RECORDS FOR THE EXERCISE:
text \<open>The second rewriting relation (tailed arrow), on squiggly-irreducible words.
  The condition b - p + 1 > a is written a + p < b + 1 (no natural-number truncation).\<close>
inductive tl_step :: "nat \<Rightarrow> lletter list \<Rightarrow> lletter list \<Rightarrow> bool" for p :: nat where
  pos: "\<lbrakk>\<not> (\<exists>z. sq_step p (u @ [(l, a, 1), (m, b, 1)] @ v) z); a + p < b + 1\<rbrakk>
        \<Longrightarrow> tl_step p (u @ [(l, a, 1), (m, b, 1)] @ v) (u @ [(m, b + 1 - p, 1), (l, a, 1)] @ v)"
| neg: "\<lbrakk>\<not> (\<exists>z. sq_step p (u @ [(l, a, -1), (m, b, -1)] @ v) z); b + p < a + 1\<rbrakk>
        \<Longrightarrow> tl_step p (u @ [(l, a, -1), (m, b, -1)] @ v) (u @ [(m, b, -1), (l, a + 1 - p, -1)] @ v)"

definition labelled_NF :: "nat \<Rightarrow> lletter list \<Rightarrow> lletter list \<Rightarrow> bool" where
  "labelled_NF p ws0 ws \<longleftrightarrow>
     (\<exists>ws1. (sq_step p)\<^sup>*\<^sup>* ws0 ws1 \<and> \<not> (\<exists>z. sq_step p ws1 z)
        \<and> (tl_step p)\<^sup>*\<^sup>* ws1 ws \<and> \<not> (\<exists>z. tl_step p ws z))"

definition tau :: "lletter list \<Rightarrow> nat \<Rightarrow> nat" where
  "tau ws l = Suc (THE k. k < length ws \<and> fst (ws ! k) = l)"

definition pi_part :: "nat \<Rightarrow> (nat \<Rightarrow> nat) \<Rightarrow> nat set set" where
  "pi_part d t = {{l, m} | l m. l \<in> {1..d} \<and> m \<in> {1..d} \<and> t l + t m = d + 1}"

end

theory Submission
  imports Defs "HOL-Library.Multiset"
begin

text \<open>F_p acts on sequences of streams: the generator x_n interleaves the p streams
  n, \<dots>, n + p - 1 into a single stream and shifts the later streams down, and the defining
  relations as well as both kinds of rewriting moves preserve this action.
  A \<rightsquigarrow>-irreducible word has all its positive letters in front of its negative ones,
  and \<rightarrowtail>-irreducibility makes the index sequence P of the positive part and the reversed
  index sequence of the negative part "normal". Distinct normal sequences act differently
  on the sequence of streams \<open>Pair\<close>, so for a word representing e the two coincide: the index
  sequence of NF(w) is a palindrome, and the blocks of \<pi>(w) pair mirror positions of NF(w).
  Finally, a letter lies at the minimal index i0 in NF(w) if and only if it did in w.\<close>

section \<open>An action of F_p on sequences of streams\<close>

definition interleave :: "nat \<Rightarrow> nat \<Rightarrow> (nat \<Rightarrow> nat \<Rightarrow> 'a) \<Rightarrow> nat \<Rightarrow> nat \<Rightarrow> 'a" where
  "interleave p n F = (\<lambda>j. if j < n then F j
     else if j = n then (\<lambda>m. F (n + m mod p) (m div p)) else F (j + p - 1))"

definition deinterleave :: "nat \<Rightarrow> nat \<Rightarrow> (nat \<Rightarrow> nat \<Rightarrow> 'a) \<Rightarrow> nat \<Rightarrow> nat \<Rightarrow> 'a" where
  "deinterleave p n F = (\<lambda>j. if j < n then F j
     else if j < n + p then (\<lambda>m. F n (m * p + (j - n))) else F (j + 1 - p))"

...

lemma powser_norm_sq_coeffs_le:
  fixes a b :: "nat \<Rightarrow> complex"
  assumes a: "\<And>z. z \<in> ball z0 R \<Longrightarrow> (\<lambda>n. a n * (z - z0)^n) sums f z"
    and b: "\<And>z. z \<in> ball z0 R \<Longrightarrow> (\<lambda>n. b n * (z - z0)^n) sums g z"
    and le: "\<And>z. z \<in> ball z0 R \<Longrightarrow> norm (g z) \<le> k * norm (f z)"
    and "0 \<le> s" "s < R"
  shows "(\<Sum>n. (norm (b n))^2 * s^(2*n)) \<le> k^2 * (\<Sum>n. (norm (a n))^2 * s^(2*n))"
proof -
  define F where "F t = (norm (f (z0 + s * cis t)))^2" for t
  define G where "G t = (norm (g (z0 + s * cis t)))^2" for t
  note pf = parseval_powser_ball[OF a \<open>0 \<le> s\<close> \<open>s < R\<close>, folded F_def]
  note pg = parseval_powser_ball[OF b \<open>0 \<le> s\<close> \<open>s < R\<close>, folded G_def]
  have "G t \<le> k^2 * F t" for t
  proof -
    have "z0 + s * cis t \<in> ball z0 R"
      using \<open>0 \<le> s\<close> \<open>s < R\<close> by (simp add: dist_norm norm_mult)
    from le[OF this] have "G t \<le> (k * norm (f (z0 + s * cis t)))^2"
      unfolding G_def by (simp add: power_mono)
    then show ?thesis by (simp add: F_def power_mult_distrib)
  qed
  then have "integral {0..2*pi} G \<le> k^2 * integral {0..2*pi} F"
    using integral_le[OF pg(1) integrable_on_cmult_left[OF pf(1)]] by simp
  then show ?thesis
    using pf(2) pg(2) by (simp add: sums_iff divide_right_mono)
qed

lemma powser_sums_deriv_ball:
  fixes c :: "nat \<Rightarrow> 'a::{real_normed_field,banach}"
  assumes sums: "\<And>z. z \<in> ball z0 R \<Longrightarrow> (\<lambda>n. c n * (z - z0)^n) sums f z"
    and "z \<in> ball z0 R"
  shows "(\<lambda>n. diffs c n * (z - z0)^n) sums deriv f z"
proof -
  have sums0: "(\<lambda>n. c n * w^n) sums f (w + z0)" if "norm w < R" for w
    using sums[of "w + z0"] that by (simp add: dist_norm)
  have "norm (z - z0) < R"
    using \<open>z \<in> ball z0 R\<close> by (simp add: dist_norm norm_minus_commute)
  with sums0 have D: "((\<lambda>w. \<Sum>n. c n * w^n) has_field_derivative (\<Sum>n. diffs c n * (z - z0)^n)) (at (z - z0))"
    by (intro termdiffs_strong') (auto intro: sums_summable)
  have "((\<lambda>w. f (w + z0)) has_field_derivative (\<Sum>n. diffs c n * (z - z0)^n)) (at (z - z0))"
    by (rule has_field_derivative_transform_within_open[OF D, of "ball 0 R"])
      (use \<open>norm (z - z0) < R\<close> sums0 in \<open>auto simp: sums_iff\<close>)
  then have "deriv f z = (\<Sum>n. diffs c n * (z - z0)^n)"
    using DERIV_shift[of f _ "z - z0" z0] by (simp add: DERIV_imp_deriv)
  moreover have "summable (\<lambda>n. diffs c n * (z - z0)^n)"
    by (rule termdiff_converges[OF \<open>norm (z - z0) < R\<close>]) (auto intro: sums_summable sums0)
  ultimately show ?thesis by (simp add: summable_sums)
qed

---

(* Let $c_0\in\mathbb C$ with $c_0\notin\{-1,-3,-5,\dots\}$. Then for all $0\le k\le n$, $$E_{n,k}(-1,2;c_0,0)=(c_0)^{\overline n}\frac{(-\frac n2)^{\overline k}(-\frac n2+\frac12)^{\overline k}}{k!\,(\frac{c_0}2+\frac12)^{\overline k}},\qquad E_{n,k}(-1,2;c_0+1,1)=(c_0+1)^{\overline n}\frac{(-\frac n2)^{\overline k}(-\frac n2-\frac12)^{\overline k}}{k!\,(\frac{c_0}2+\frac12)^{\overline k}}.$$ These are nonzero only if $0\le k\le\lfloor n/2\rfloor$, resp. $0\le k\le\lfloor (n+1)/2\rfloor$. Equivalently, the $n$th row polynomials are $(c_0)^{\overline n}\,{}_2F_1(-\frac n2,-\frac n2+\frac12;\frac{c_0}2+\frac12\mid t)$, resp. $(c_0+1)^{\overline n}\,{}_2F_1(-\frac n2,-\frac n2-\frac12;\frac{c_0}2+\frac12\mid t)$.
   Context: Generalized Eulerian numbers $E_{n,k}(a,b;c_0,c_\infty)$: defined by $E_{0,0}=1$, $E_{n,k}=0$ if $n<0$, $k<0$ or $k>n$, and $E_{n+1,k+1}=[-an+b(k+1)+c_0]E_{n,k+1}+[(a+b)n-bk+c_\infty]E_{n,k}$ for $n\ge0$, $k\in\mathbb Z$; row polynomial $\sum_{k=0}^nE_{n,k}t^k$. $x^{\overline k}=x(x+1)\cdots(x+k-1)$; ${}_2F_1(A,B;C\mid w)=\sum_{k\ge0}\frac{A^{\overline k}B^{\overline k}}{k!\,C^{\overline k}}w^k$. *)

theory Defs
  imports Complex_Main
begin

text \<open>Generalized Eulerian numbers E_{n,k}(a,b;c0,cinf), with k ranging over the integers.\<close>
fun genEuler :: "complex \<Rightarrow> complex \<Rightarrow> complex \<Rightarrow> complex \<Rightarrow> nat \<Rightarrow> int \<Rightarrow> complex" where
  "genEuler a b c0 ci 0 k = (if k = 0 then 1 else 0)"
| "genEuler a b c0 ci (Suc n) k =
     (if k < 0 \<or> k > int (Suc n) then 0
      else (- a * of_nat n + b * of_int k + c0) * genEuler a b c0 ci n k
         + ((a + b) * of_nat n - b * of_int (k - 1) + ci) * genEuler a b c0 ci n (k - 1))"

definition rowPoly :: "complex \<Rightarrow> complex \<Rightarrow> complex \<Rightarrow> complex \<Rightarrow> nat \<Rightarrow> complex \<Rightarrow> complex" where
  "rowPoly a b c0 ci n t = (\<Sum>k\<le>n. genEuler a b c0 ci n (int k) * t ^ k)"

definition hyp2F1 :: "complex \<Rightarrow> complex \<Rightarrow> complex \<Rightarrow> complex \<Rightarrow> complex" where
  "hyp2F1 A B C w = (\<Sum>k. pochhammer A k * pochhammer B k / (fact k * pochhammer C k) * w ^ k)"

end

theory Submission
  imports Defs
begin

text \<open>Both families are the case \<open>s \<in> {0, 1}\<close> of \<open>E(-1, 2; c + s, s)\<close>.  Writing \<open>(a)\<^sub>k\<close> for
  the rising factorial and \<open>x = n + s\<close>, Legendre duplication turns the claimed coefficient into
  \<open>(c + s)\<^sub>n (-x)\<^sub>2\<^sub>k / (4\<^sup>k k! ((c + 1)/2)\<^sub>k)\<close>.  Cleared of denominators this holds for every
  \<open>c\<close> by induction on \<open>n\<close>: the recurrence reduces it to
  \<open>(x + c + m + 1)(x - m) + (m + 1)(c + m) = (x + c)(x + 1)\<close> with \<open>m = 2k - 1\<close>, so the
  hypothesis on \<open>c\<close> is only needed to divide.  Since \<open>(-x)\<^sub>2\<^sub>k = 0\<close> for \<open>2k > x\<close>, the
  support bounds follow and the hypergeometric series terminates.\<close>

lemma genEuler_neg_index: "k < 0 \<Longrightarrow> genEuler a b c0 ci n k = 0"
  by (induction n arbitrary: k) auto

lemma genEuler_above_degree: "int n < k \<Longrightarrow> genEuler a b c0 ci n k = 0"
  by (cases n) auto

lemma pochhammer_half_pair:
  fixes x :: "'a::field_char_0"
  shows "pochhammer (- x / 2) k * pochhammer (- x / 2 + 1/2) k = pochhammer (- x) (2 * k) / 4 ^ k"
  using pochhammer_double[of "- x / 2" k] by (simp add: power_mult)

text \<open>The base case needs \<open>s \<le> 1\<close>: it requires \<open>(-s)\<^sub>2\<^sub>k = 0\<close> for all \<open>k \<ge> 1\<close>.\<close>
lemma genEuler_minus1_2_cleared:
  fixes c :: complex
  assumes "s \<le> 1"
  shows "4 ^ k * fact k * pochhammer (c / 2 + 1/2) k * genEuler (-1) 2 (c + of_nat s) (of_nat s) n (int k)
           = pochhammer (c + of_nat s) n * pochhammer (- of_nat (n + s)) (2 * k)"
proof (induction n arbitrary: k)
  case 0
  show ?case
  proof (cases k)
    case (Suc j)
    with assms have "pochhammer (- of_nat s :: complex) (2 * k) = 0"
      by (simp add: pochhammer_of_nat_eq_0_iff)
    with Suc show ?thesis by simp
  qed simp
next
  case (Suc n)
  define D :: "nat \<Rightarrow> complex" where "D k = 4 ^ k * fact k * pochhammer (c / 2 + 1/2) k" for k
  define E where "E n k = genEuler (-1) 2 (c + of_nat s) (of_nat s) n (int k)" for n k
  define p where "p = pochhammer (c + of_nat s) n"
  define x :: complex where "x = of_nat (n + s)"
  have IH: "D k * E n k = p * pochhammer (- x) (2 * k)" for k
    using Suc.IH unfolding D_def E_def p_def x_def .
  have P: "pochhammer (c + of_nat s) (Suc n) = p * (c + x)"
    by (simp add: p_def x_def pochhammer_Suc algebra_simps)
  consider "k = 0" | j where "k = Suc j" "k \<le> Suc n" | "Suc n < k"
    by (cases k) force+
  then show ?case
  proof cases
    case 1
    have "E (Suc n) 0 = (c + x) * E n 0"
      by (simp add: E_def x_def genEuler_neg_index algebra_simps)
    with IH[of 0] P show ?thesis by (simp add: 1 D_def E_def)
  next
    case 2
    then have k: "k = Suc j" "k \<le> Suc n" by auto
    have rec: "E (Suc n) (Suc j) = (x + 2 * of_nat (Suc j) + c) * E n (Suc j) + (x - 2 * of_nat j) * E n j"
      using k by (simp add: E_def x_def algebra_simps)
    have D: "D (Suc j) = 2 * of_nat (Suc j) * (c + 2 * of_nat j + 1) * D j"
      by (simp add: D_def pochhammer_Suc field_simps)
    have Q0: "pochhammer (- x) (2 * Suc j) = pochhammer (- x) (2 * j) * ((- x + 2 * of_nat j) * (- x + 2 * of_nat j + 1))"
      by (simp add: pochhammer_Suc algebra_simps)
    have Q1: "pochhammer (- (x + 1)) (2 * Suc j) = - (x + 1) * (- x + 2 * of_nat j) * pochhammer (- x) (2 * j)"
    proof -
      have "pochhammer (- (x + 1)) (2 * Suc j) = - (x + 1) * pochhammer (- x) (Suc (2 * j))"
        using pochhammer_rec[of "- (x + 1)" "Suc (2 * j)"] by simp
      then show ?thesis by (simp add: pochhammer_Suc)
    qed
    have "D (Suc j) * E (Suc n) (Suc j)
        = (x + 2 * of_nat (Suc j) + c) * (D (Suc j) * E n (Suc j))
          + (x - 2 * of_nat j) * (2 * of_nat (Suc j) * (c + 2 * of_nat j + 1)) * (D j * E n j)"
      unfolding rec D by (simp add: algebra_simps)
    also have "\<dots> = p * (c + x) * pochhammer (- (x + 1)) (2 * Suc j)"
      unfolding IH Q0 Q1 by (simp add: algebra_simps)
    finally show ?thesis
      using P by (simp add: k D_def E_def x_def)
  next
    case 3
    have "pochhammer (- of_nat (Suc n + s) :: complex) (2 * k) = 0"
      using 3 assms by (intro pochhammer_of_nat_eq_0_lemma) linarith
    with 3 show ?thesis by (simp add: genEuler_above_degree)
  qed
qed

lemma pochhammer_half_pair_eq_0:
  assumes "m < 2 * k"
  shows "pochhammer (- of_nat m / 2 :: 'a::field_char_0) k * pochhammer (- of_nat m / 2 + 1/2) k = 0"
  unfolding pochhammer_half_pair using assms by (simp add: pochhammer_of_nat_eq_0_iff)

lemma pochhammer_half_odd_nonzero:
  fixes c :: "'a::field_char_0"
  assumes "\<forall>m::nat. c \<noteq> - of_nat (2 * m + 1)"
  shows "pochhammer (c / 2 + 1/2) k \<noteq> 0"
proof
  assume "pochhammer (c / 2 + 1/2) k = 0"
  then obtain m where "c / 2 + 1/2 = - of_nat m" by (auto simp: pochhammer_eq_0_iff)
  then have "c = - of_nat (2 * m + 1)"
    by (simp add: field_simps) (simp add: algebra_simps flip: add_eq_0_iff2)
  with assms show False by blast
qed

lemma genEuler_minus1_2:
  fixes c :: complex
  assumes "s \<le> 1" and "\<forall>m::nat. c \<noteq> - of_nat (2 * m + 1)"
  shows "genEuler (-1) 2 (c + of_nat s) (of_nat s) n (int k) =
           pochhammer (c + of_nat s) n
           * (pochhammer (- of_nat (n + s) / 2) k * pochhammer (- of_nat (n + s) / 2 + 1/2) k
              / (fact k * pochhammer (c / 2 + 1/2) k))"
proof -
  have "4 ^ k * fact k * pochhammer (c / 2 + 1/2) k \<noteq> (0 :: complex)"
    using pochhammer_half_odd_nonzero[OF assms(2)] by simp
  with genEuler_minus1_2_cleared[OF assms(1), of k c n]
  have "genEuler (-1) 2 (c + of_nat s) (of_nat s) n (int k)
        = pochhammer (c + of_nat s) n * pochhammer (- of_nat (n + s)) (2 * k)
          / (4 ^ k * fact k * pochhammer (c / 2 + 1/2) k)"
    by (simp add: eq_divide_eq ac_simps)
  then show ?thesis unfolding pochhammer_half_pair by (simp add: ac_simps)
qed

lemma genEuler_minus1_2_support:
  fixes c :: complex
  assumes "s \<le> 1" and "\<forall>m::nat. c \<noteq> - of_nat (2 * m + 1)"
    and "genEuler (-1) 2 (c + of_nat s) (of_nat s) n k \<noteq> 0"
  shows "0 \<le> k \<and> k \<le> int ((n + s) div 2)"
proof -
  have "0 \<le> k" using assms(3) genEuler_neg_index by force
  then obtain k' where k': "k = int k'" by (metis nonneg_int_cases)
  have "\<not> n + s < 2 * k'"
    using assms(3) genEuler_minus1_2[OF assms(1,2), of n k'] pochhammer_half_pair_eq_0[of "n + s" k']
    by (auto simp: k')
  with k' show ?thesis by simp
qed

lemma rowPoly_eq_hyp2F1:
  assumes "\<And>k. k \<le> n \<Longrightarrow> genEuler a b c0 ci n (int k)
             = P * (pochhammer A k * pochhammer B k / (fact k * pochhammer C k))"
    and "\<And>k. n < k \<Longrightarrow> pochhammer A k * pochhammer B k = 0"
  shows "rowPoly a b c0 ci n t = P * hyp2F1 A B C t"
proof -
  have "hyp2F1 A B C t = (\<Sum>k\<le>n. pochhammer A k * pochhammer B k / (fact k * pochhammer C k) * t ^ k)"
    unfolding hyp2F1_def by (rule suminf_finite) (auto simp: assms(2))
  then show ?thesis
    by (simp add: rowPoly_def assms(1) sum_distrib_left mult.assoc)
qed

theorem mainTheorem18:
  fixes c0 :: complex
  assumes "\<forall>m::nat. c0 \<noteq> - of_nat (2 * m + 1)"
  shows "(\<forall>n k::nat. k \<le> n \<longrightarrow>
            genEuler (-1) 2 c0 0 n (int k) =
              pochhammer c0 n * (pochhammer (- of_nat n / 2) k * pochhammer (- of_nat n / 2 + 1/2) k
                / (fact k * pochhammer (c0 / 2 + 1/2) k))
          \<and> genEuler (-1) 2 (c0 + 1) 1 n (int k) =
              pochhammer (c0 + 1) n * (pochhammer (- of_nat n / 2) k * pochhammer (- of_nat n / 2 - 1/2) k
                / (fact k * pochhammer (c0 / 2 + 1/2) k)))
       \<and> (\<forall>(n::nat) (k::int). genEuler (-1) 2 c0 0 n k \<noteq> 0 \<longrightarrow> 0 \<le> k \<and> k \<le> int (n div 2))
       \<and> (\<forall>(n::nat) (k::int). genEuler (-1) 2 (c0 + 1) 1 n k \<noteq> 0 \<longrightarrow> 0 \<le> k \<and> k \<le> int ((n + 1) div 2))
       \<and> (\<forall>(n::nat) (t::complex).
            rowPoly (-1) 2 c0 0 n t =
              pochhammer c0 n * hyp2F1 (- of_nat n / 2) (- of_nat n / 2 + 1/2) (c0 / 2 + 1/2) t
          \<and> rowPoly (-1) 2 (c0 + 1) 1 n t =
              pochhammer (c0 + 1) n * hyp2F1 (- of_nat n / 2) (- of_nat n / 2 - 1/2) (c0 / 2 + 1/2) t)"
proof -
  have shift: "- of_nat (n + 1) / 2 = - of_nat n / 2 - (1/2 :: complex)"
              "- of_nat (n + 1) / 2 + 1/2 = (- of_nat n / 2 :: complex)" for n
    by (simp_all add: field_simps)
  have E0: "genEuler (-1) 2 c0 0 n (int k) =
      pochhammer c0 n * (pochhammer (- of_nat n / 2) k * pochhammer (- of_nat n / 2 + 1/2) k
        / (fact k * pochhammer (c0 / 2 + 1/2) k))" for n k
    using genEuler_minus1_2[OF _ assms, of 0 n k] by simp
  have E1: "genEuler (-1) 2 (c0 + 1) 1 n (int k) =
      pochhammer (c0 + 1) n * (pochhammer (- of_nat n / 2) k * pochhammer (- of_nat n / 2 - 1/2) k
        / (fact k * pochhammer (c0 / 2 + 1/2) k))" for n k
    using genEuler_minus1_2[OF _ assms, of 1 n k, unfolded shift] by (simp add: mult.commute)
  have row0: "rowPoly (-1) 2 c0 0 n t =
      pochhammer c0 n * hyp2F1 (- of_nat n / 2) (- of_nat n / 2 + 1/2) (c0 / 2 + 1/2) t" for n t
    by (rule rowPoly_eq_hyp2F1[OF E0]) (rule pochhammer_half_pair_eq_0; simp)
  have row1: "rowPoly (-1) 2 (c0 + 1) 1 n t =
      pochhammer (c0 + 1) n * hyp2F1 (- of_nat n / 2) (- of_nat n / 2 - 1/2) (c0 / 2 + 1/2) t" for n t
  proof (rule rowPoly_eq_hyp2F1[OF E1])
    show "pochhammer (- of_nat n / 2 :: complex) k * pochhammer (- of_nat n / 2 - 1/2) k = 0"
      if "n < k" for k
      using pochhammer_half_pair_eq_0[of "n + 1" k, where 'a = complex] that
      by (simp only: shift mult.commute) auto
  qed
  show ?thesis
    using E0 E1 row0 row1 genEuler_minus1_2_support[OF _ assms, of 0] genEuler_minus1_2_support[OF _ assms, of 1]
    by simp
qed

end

WHAT IS REQUIRED: Search the records for the string "positive" and, wherever a line contains it, please copy that line.

WORKED SOLUTION:
  A \<rightsquigarrow>-irreducible word has all its positive letters in front of its negative ones,
  and \<rightarrowtail>-irreducibility makes the index sequence P of the positive part and the reversed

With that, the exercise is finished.